Svea Josephy is currently an Associate Professor in Fine Art (photography) at the Michaelis School of Fine Art at the University of Cape Town. She is best known for her work with "twin towns," where she draws parallels between settlements and suburbs surrounding South African cities to other places around the world. More recently she had contributed towards an artist led research, training and mutual learning programme, known as the sustainable darkroom, which promotes photographic practices that are environmentally friendly. Josephy's work has been displayed in numerous exhibitions both nationally and internationally.

== Background ==
Born in 1969, Svea Josephy was raised in Cape Town, South Africa and currently resides in Rondebosh, a primarily residential southern suburb of Cape Town. Josephy first became interested in photography when she was a child. She had a darkroom in her home when her stepfather went through an amateur photography phase, which prompted her interest in photography. Her first camera was an old Olympus Trip 35. Today however, she mostly uses a Hasselbald camera.

== Studies ==
Josephy completed her Bachelor of Arts (in Fine Art) at the Michaelis School of Fine Art at the University of Cape Town, in the late 1980s to early 1990s. Josephy then in 2001, completed her Master of Fine Arts cum laude at the University of Stellenbosch.

== Work ==
Josephy's primary focus in her photographic work has been the study of how identity and landscape are constructed. Specifically, she is most well known for drawing parallels between "twin towns" in South Africa and in other parts of the world. Her project of "twin towns" examines the peculiar names of South Africa's settlements and suburbs. Examples include: Sun City, Lost City, Lapland, Beverley Hills, Egoli, Cuba, Kosovo, Lusaka, Malibu, Hyde Park, Green Park, Lavender Hill, Athlone, Harare, Waterfront, Potsdam, Bosnia, Beirut, Iraq and Hanover Park. These names evoke certain images that can be connected and related to various parks, streets, cities and countries located all over the globe.

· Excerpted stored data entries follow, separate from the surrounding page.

(* Let $G,H$ be finite groups and $f:G\to H$ an identity preserving function such that $[G,G;f]$ is abelian and $n=[G:\mathrm{Stab}_G(f)]$ is relatively prime to $|[G,G;f]|$. Let $a_1,\dots,a_n$ be representatives of the right cosets of $\mathrm{Stab}_G(f)$ in $G$ and let $m$ be an integer with $mn\equiv 1\pmod{|[G,G;f]|}$. Then the distributed average $$\overline{\overline f}(x)=f(x)\Bigl(\prod_{i=1}^n[a_i,x;f]\Bigr)^m$$ is a group homomorphism from $G$ to $H$.
   Context: For $f:G\to H$ and $a\in G$, $f^a(x)=f(a)^{-1}f(ax)$; $f$ is identity preserving if $f(1)=1$. $\mathrm{Stab}_G(f)=\{a\in G: f^a=f\}$ (a subgroup of $G$). The $f$-distributor is $[x,y;f]=f(y)^{-1}f(x)^{-1}f(xy)=f(y)^{-1}f^x(y)$, and $[G,G;f]=\langle [x,y;f]: x,y\in G\rangle$. *)

theory Defs
  imports "HOL-Algebra.Algebra"
begin

definition distributor :: "('a, 'c) monoid_scheme \<Rightarrow> ('b, 'd) monoid_scheme \<Rightarrow> ('a \<Rightarrow> 'b) \<Rightarrow> 'a \<Rightarrow> 'a \<Rightarrow> 'b" where
  "distributor G H f x y = inv\<^bsub>H\<^esub> (f y) \<otimes>\<^bsub>H\<^esub> inv\<^bsub>H\<^esub> (f x) \<otimes>\<^bsub>H\<^esub> f (x \<otimes>\<^bsub>G\<^esub> y)"

definition distributor_subgroup :: "('a, 'c) monoid_scheme \<Rightarrow> ('b, 'd) monoid_scheme \<Rightarrow> ('a \<Rightarrow> 'b) \<Rightarrow> 'b set" where
  "distributor_subgroup G H f =
     generate H {distributor G H f x y | x y. x \<in> carrier G \<and> y \<in> carrier G}"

In 2016 Josephy exhibited Satellite Cities: Naming Worlds at the Wits Art Museum.

== Awards and scholarships ==
Josephy has received the following awards and scholarships: Prix du Ministre de la Culture DAKART 2010 9th biennial of Contemporary African Art, IFAM, Dakar, Senegal, the Gordon Institute for Performing and Creative Arts (GIPCA) Project Award (2009), National Arts Council Award (2008), the A.W. Mellon Emerging Scholars Award (2008), Malan Trust Curatorship Award (2007), Harry Crossley Scholarship (2000), Maggie Laubscher Scholarship (1999), Simon Gerson Prize (1993) and the Irma Stern Scholarship (1992).